The presence of viruses and other pathogens in the environment is an indicator of faecal pollution that poses a potential risk to the exposed population, since such pathogens do not constitute normal gastrointestinal microbiota, and are only excreted by sick individuals [7]. Rotavirus is recognized as being responsible for diarrheal disease in young children with a worldwide mortality rate of 600,000 per year [8]. Astrovirus is also considered one of the most important agents of viral gastroenteritis [9, 10], and is ranked second after rotavirus as the major cause of diarrheal disease in young children and adults [11]. While the actual contribution of rotavirus to total incidence of diarrheal disease is between 25% and 52%, astrovirus is much lower being responsible for between 5% and 10% of cases [12].
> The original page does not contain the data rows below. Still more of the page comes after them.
(* Assume there is $\alpha_l\in\mathcal{K}_\infty$ with $\alpha_l(|x|)\le\inf_{u\in\mathbb{R}^m}l(x,u)$ for all $x\in\mathbb{R}^n$. Assume all finite-horizon infima below are attained, and that there exist $\underline N\in\mathbb{N}$ and $\alpha\in(0,1]$ such that for every horizon $M\ge\underline N$, every $x\in\mathbb{R}^n$ and every optimal sequence $u^\ast(\cdot;x)$ for $V_M(x)$, $$V_M\big(f(x,u^\ast(0;x))\big)+\alpha\, l(x,u^\ast(0;x))\le V_M(x).$$ Let $N\ge\underline N$, let $\hat V^0\equiv 0$ and let $\hat V^{i}$ be generated by the recursion $\hat V^{i+1}(x)=\inf_{u(\cdot;x)}\sum_{k=0}^{N-1}l(x_u(k;x),u(k;x))+\hat V^i(x_u(N;x))$. Take terminal costs $F^i=\hat V^i$. Then for every $i\in\mathbb{N}_0$ and every $x\in\mathbb{R}^n$, $$\mathcal{V}_N\big(f(x,\kappa_N(x,i)),i\big)\le \mathcal{V}_N(x,i)-\alpha\,\alpha_l(|x|).$$
   Context: Dynamics $x^+=f(x,u)$, $f$ continuous, $f(0,0)=0$; $x_u(k;x)$ is the state trajectory from $x$ under the input sequence $u(\cdot;x)$. Stage cost $l\ge0$ positive definite. $V_M(x)=\inf_{u(\cdot;x)\in\mathbb{R}^{m\times M}}\sum_{k=0}^{M-1}l(x_u(k;x),u(k;x))$ is the optimal $M$-horizon cost without terminal cost. For a sequence of positive definite terminal costs $F^i:\mathbb{R}^n\to\mathbb{R}_{\ge0}$, $\mathcal{V}_N(x,i)=\inf_{u(\cdot;x)\in\mathbb{R}^{m\times N}}\sum_{k=0}^{N-1}l(x_u(k;x),u(k;x))+F^i(x_u(N;x))$, and $\kappa_N(x,i)=u^\ast(0;x,i)$ is the first element of an optimizing sequence of this problem. $\mathcal{K}_\infty$: continuous, zero at zero, strictly increasing, unbounded functions $\mathbb{R}_{\ge0}\to\mathbb{R}_{\ge0}$. *)

theory Defs
  imports "HOL-Analysis.Analysis"
begin

text \<open>State trajectory x_u(k;x) of x+ = f(x,u) from x under input sequence u.
  Input sequences are functions nat => input; only the first M entries matter.\<close>
fun traj :: "('a \<Rightarrow> 'b \<Rightarrow> 'a) \<Rightarrow> 'a \<Rightarrow> (nat \<Rightarrow> 'b) \<Rightarrow> nat \<Rightarrow> 'a" where
  "traj f x u 0 = x"
| "traj f x u (Suc k) = f (traj f x u k) (u k)"

definition cost :: "('a \<Rightarrow> 'b \<Rightarrow> real) \<Rightarrow> ('a \<Rightarrow> 'b \<Rightarrow> 'a) \<Rightarrow> nat \<Rightarrow> 'a \<Rightarrow> (nat \<Rightarrow> 'b) \<Rightarrow> real" where
  "cost l f M x u = (\<Sum>k<M. l (traj f x u k) (u k))"

definition V :: "('a \<Rightarrow> 'b \<Rightarrow> real) \<Rightarrow> ('a \<Rightarrow> 'b \<Rightarrow> 'a) \<Rightarrow> nat \<Rightarrow> 'a \<Rightarrow> real" where
  "V l f M x = (INF u. cost l f M x u)"

definition costT :: "('a \<Rightarrow> 'b \<Rightarrow> real) \<Rightarrow> ('a \<Rightarrow> 'b \<Rightarrow> 'a) \<Rightarrow> nat \<Rightarrow> ('a \<Rightarrow> real) \<Rightarrow> 'a \<Rightarrow> (nat \<Rightarrow> 'b) \<Rightarrow> real" where
  "costT l f N F x u = cost l f N x u + F (traj f x u N)"

definition VT :: "('a \<Rightarrow> 'b \<Rightarrow> real) \<Rightarrow> ('a \<Rightarrow> 'b \<Rightarrow> 'a) \<Rightarrow> nat \<Rightarrow> ('a \<Rightarrow> real) \<Rightarrow> 'a \<Rightarrow> real" where
  "VT l f N F x = (INF u. costT l f N F x u)"

fun Vhat :: "('a \<Rightarrow> 'b \<Rightarrow> real) \<Rightarrow> ('a \<Rightarrow> 'b \<Rightarrow> 'a) \<Rightarrow> nat \<Rightarrow> nat \<Rightarrow> 'a \<Rightarrow> real" where
  "Vhat l f N 0 = (\<lambda>x. 0)"
| "Vhat l f N (Suc i) = VT l f N (Vhat l f N i)"

definition calV :: "('a \<Rightarrow> 'b \<Rightarrow> real) \<Rightarrow> ('a \<Rightarrow> 'b \<Rightarrow> 'a) \<Rightarrow> nat \<Rightarrow> 'a \<Rightarrow> nat \<Rightarrow> real" where
  "calV l f N x i = VT l f N (Vhat l f N i) x"

definition Kinf :: "(real \<Rightarrow> real) \<Rightarrow> bool" where
  "Kinf a \<longleftrightarrow> continuous_on {0..} a \<and> a 0 = 0 \<and> strict_mono_on {0..} a
     \<and> (\<forall>c. \<exists>r\<ge>0. c \<le> a r)"

end

theory Submission
  imports Defs
begin

text \<open>By dynamic programming the recursively generated terminal costs are
  \<open>Vhat i = V (i N)\<close>, so the terminal-cost problem at stage \<open>i\<close> is just the
  plain problem with horizon \<open>(i + 1) N \<ge> Nlow\<close>. An optimal sequence of the
  terminal-cost problem, extended by an optimal tail, is optimal for this
  longer horizon and has the same first element; the assumed decrease of
  \<open>V\<close> along optimal sequences together with \<open>\<alpha>l |x| \<le> l(x, u)\<close> gives the claim.\<close>

lemma traj_add: "traj f x w (N + k) = traj f (traj f x w N) (\<lambda>k. w (N + k)) k"
  by (induction k) auto

lemma cost_add:
  "cost l f (N + K) x w = cost l f N x w + cost l f K (traj f x w N) (\<lambda>k. w (N + k))"
  unfolding cost_def by (induction K) (simp_all add: traj_add)

definition splice :: "nat \<Rightarrow> (nat \<Rightarrow> 'b) \<Rightarrow> (nat \<Rightarrow> 'b) \<Rightarrow> nat \<Rightarrow> 'b" where
  "splice N u v = (\<lambda>k. if k < N then u k else v (k - N))"

lemma splice_less: "k < N \<Longrightarrow> splice N u v k = u k"
  by (simp add: splice_def)

lemma traj_splice: "k \<le> N \<Longrightarrow> traj f x (splice N u v) k = traj f x u k"
  by (induction k) (auto simp: splice_def)

lemma cost_splice: "cost l f N x (splice N u v) = cost l f N x u"
  unfolding cost_def by (intro sum.cong refl) (simp add: traj_splice splice_less)

lemma cost_add_splice:
  "cost l f (N + K) x (splice N u v) = cost l f N x u + cost l f K (traj f x u N) v"
proof -
  have "(\<lambda>k. splice N u v (N + k)) = v"
    by (simp add: splice_def)
  then show ?thesis
    using cost_add[of l f N K x "splice N u v"] by (simp only: cost_splice traj_splice[OF order_refl])
qed

lemma cost_nonneg: "(\<And>x u. l x u \<ge> 0) \<Longrightarrow> cost l f M x u \<ge> 0"
  unfolding cost_def by (simp add: sum_nonneg)

lemma V_le_cost: "(\<And>x u. l x u \<ge> 0) \<Longrightarrow> V l f M x \<le> cost l f M x u"
  unfolding V_def by (rule cINF_lower) (auto intro!: bdd_belowI[of _ 0] cost_nonneg)

lemma V_nonneg: "(\<And>x u. l x u \<ge> 0) \<Longrightarrow> V l f M x \<ge> 0"
  unfolding V_def by (rule cINF_greatest) (auto intro: cost_nonneg)

lemma V_0: "V l f 0 x = 0"
  by (simp add: V_def cost_def)

lemma VT_le_costT:
  assumes "\<And>x u. l x u \<ge> 0" and "\<And>y. F y \<ge> 0"
  shows "VT l f N F x \<le> costT l f N F x u"
  unfolding VT_def using assms
  by (intro cINF_lower) (auto intro!: bdd_belowI[of _ 0] add_nonneg_nonneg cost_nonneg simp: costT_def)

lemma VT_V_eq_V_add:
  assumes nonneg: "\<And>x u. l x u \<ge> 0"
    and attained: "\<And>y. \<exists>v. cost l f K y v = V l f K y"
  shows "VT l f N (V l f K) x = V l f (N + K) x"
proof (rule antisym)
  show "VT l f N (V l f K) x \<le> V l f (N + K) x"
    unfolding V_def[of l f "N + K"]
  proof (rule cINF_greatest)
    fix w
    have "VT l f N (V l f K) x \<le> costT l f N (V l f K) x w"
      by (rule VT_le_costT) (simp_all add: nonneg V_nonneg)
    also have "\<dots> \<le> cost l f (N + K) x w"
      unfolding costT_def cost_add using V_le_cost[OF nonneg] by (simp add: add_left_mono)
    finally show "VT l f N (V l f K) x \<le> cost l f (N + K) x w" .
  qed simp
next
  show "V l f (N + K) x \<le> VT l f N (V l f K) x"
    unfolding VT_def
  proof (rule cINF_greatest)
    fix u
    obtain v where "cost l f K (traj f x u N) v = V l f K (traj f x u N)"
      using attained by blast
    then have "costT l f N (V l f K) x u = cost l f (N + K) x (splice N u v)"
      by (simp add: cost_add_splice costT_def)
    then show "V l f (N + K) x \<le> costT l f N (V l f K) x u"
      by (simp add: V_le_cost[OF nonneg])
  qed simp
qed

lemma Vhat_eq_V_mult:
  assumes "\<And>x u. l x u \<ge> 0"
    and "\<And>i y. \<exists>v. cost l f (i * N) y v = V l f (i * N) y"
  shows "Vhat l f N i = V l f (i * N)"
proof (induction i)
  case 0
  then show ?case by (simp add: V_0 fun_eq_iff)
next
  case (Suc i)
  show ?case using VT_V_eq_V_add[OF assms, of N i] by (simp add: Suc.IH fun_eq_iff)
qed

lemma costT_optimal_extends:
  assumes nonneg: "\<And>x u. l x u \<ge> 0"
    and attained: "\<And>y. \<exists>v. cost l f K y v = V l f K y"
    and opt: "costT l f N (V l f K) x u = VT l f N (V l f K) x"
  obtains v where "cost l f (N + K) x (splice N u v) = V l f (N + K) x"
proof -
  obtain v where "cost l f K (traj f x u N) v = V l f K (traj f x u N)"
    using attained by blast
  then have "cost l f (N + K) x (splice N u v) = costT l f N (V l f K) x u"
    by (simp add: cost_add_splice costT_def)
  with opt VT_V_eq_V_add[OF nonneg attained] show thesis
    using that by simp
qed

lemma INF_le_value:
  fixes g :: "'b \<Rightarrow> real"
  assumes "\<And>u. g u \<ge> 0"
  shows "(INF u. g u) \<le> g u"
  using assms by (intro cINF_lower) (auto intro!: bdd_belowI[of _ 0])

theorem proposition3:
  fixes f :: "real^'n \<Rightarrow> real^'m \<Rightarrow> real^'n"
    and l :: "real^'n \<Rightarrow> real^'m \<Rightarrow> real"
    and \<alpha>l :: "real \<Rightarrow> real"
    and Nlow N :: nat and \<alpha> :: real
  assumes f_cont: "continuous_on UNIV (\<lambda>(x, u). f x u)"
    and f_zero: "f 0 0 = 0"
    and l_nonneg: "\<And>x u. l x u \<ge> 0"
    and l_zero: "l 0 0 = 0"
    and l_pos: "\<And>x u. (x, u) \<noteq> (0, 0) \<Longrightarrow> l x u > 0"
    and \<alpha>l_Kinf: "Kinf \<alpha>l"
    and \<alpha>l_bound: "\<And>x. \<alpha>l (norm x) \<le> (INF u. l x u)"
    and V_attained: "\<And>M x. M \<ge> Nlow \<Longrightarrow> \<exists>u. cost l f M x u = V l f M x"
    and VT_attained: "\<And>i x. \<exists>u. costT l f N (Vhat l f N i) x u = VT l f N (Vhat l f N i) x"
    and \<alpha>_pos: "0 < \<alpha>" and \<alpha>_le1: "\<alpha> \<le> 1"
    and decrease: "\<And>M x u. M \<ge> Nlow \<Longrightarrow> cost l f M x u = V l f M x \<Longrightarrow>
                     V l f M (f x (u 0)) + \<alpha> * l x (u 0) \<le> V l f M x"
    and N_ge: "N \<ge> Nlow"
  shows "\<forall>i x u. costT l f N (Vhat l f N i) x u = VT l f N (Vhat l f N i) x \<longrightarrow>
           calV l f N (f x (u 0)) i \<le> calV l f N x i - \<alpha> * \<alpha>l (norm x)"
proof (intro allI impI)
  fix i x u
  assume opt: "costT l f N (Vhat l f N i) x u = VT l f N (Vhat l f N i) x"
  have attained: "\<exists>v. cost l f (j * N) y v = V l f (j * N) y" for j y
    using V_attained[of "j * N"] N_ge by (cases j) (auto simp: V_0 cost_def)
  \<comment> \<open>The decrease hypothesis fails at horizon 0, so \<open>N > 0\<close> and a spliced sequence starts with \<open>u 0\<close>.\<close>
  have N_pos: "0 < N"
  proof (rule ccontr)
    assume "\<not> 0 < N"
    with N_ge have "\<alpha> * l 1 0 \<le> 0"
      using decrease[of 0 1 "\<lambda>_. 0"] by (simp add: V_0 cost_def)
    moreover have "0 < l 1 (0 :: real^'m)"
      by (rule l_pos) simp
    ultimately show False
      using \<alpha>_pos mult_pos_pos by (metis not_le)
  qed
  have calV_eq: "calV l f N y i = V l f (N + i * N) y" for y
    unfolding calV_def Vhat_eq_V_mult[OF l_nonneg attained]
    by (rule VT_V_eq_V_add[OF l_nonneg attained])
  obtain v where "cost l f (N + i * N) x (splice N u v) = V l f (N + i * N) x"
    using costT_optimal_extends[OF l_nonneg attained] opt
    unfolding Vhat_eq_V_mult[OF l_nonneg attained] by blast
  from decrease[OF _ this] N_ge N_pos
  have "V l f (N + i * N) (f x (u 0)) + \<alpha> * l x (u 0) \<le> V l f (N + i * N) x"
    by (simp add: splice_less)
  moreover have "\<alpha> * \<alpha>l (norm x) \<le> \<alpha> * l x (u 0)"
    using order_trans[OF \<alpha>l_bound INF_le_value[of "l x", OF l_nonneg]] \<alpha>_pos by simp
  ultimately show "calV l f N (f x (u 0)) i \<le> calV l f N x i - \<alpha> * \<alpha>l (norm x)"
    by (simp add: calV_eq)
qed

end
In Mexico, during autumn and winter, which correspond to the cold-dry season, rotavirus has been reported as the main etiologic agent of diarrheal disease in children aged two years and under, and as has already been mentioned, it is responsible for approximately 25%-50% of all gastrointestinal cases [13, 14]. Epidemiological studies show a seasonal incidence of bacterial diarrheal disease mainly during the summer months that coincides with the warm-rainy season [1517].

It is important to consider enteric viruses in water quality studies not only because of their incidence as causal agents for diarrheal disease [8, 13], but also due to their characteristics, which allow them to survive in the environment for long periods of time, and tolerate changing environmental conditions [4, 18].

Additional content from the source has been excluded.